### [Study material]
(* Let $F$ be an infinite field of characteristic $p>2$ and $k$ a positive integer. Let $l_1,\dots,l_k\in\mathbb{N}_0$ and let $x^i_1,\dots,x^i_{l_i}$ ($i=1,\dots,k$) be distinct variables, $x^i_t$ of degree $i$. Consider the graded monomial $T=(x^1_1)^{r^1_1}\cdots(x^1_{l_1})^{r^1_{l_1}}\cdots(x^k_1)^{r^k_1}\cdots(x^k_{l_k})^{r^k_{l_k}}$ with non-negative integer exponents satisfying $\sum_{i=1}^k i\,(r^i_1+\cdots+r^i_{l_i})\le k$. Let $r=\max\{r^i_t\}$ and suppose $p>r$. Then $T$ is not a $\mathbb{Z}$-graded identity of $E^{k^\ast}$.
   Context: $L$ is a vector space over $F$ with basis $e_1,e_2,\dots$, $E$ its unital Grassmann algebra (basis $1$ and $e_{i_1}\cdots e_{i_k}$, $i_1<\cdots<i_k$, with $e_ie_j=-e_je_i$). $E^{k^\ast}$ is $E$ with the $\mathbb{Z}$-grading induced by $\|e_i\|=1$ for $i\le k$, $\|e_i\|=0$ for $i>k$ (basis monomials get the sum of degrees of their factors; $1$ has degree $0$). A graded polynomial is a graded identity of $A$ if it vanishes whenever each variable is replaced by an element of the homogeneous component of $A$ of that variable's degree. *)

theory Defs
  imports Main
begin

text \<open>An element is a coefficient function on finite sets S of positive
naturals (S stands for the basis monomial e_(i1)...e_(im), i1 < ... < im), with finite support.\<close>

definition grassmann_elem :: "(nat set \<Rightarrow> 'a::field) \<Rightarrow> bool" where
  "grassmann_elem f \<longleftrightarrow> finite {S. f S \<noteq> 0} \<and>
     (\<forall>S. f S \<noteq> 0 \<longrightarrow> finite S \<and> 0 \<notin> S)"

text \<open>Sign with e_S e_T = sign S T e_(S \<union> T) for disjoint S, T.\<close>
definition gsign :: "nat set \<Rightarrow> nat set \<Rightarrow> 'a::field" where
  "gsign S T = (- 1) ^ card {(i, j). i \<in> S \<and> j \<in> T \<and> j < i}"

definition gmult :: "(nat set \<Rightarrow> 'a::field) \<Rightarrow> (nat set \<Rightarrow> 'a) \<Rightarrow> (nat set \<Rightarrow> 'a)" where
  "gmult f g U = (if finite U then (\<Sum>S\<in>Pow U. gsign S (U - S) * f S * g (U - S)) else 0)"

definition gone :: "nat set \<Rightarrow> 'a::field" where
  "gone S = (if S = {} then 1 else 0)"

primrec gpow :: "(nat set \<Rightarrow> 'a::field) \<Rightarrow> nat \<Rightarrow> (nat set \<Rightarrow> 'a)" where
  "gpow f 0 = gone"
| "gpow f (Suc n) = gmult f (gpow f n)"

text \<open>Homogeneous component of degree d of E^{k*}: the grading has ||e_i|| = 1 for i \<le> k and
0 for i > k, so the basis monomial e_S has degree card (S \<inter> {1..k}).\<close>
definition gcomp :: "nat \<Rightarrow> int \<Rightarrow> (nat set \<Rightarrow> 'a::field) set" where
  "gcomp k d = {f. grassmann_elem f \<and> (\<forall>S. f S \<noteq> 0 \<longrightarrow> int (card (S \<inter> {1..k})) = d)}"

definition mon_vars :: "nat \<Rightarrow> (nat \<Rightarrow> nat) \<Rightarrow> (nat \<times> nat) list" where
  "mon_vars k l = concat (map (\<lambda>i. map (\<lambda>t. (i, t)) [1..<Suc (l i)]) [1..<Suc k])"

definition eval_mon :: "nat \<Rightarrow> (nat \<Rightarrow> nat) \<Rightarrow> (nat \<Rightarrow> nat \<Rightarrow> nat)
    \<Rightarrow> (nat \<Rightarrow> nat \<Rightarrow> (nat set \<Rightarrow> 'a::field)) \<Rightarrow> (nat set \<Rightarrow> 'a)" where
  "eval_mon k l r \<phi> = foldr (\<lambda>(i, t) acc. gmult (gpow (\<phi> i t) (r i t)) acc) (mon_vars k l) gone"

definition graded_identity_mon :: "'a::field itself \<Rightarrow> nat \<Rightarrow> (nat \<Rightarrow> nat) \<Rightarrow> (nat \<Rightarrow> nat \<Rightarrow> nat) \<Rightarrow> bool" where
  "graded_identity_mon _ k l r \<longleftrightarrow>
     (\<forall>\<phi> :: nat \<Rightarrow> nat \<Rightarrow> (nat set \<Rightarrow> 'a::field).
        (\<forall>i\<in>{1..k}. \<forall>t\<in>{1..l i}. \<phi> i t \<in> gcomp k (int i)) \<longrightarrow> eval_mon k l r \<phi> = (\<lambda>_. 0))"

end

(* Substitute for each variable x^i_t a sum of r^i_t basis monomials e_B over pairwise disjoint
   blocks B of generators: i consecutive generators among e_1, ..., e_k (possible since
   sum i r^i_t <= k) and, if i is odd, one generator of degree 0, so that every block has even
   size. With a suitable arrangement of the generators any two of these block monomials multiply
   without a sign, and each squares to zero. *)

theory Submission
  imports Defs "HOL-Library.Product_Lexorder"
begin

definition gbasis :: "nat set \<Rightarrow> nat set \<Rightarrow> 'a::field" where
  "gbasis S = (\<lambda>U. if U = S then 1 else 0)"

definition inversions :: "nat set \<Rightarrow> nat set \<Rightarrow> (nat \<times> nat) set" where
  "inversions S T = {(i, j). i \<in> S \<and> j \<in> T \<and> j < i}"

lemma gone_eq_gbasis_empty: "gone = gbasis {}"
  by (rule ext) (simp add: gone_def gbasis_def)

lemma gsign_eq_inversions: "gsign S T = (- 1) ^ card (inversions S T)"
  by (simp add: gsign_def inversions_def)

lemma finite_inversions: "finite S \<Longrightarrow> finite T \<Longrightarrow> finite (inversions S T)"
  by (rule finite_subset[of _ "S \<times> T"]) (auto simp: inversions_def)

lemma inversions_Un_left:
  assumes "\<And>x y. x \<in> S1 \<Longrightarrow> y \<in> T \<Longrightarrow> x < y" "\<And>x y. x \<in> S2 \<Longrightarrow> y \<in> T \<Longrightarrow> y < x"
  shows "inversions (S1 \<union> S2) T = S2 \<times> T"
  using assms by (fastforce simp: inversions_def dest: less_asym)

lemma inversions_Un_right:
  assumes "\<And>x y. x \<in> S \<Longrightarrow> y \<in> T1 \<Longrightarrow> y < x" "\<And>x y. x \<in> S \<Longrightarrow> y \<in> T2 \<Longrightarrow> x < y"
  shows "inversions S (T1 \<union> T2) = S \<times> T1"
  using assms by (fastforce simp: inversions_def dest: less_asym)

### [The problem]
Note every line above where the string "assumes" shows up, and copy those lines.

### [Reply]
  assumes "\<And>x y. x \<in> S1 \<Longrightarrow> y \<in> T \<Longrightarrow> x < y" "\<And>x y. x \<in> S2 \<Longrightarrow> y \<in> T \<Longrightarrow> y < x"
  assumes "\<And>x y. x \<in> S \<Longrightarrow> y \<in> T1 \<Longrightarrow> y < x" "\<And>x y. x \<in> S \<Longrightarrow> y \<in> T2 \<Longrightarrow> x < y"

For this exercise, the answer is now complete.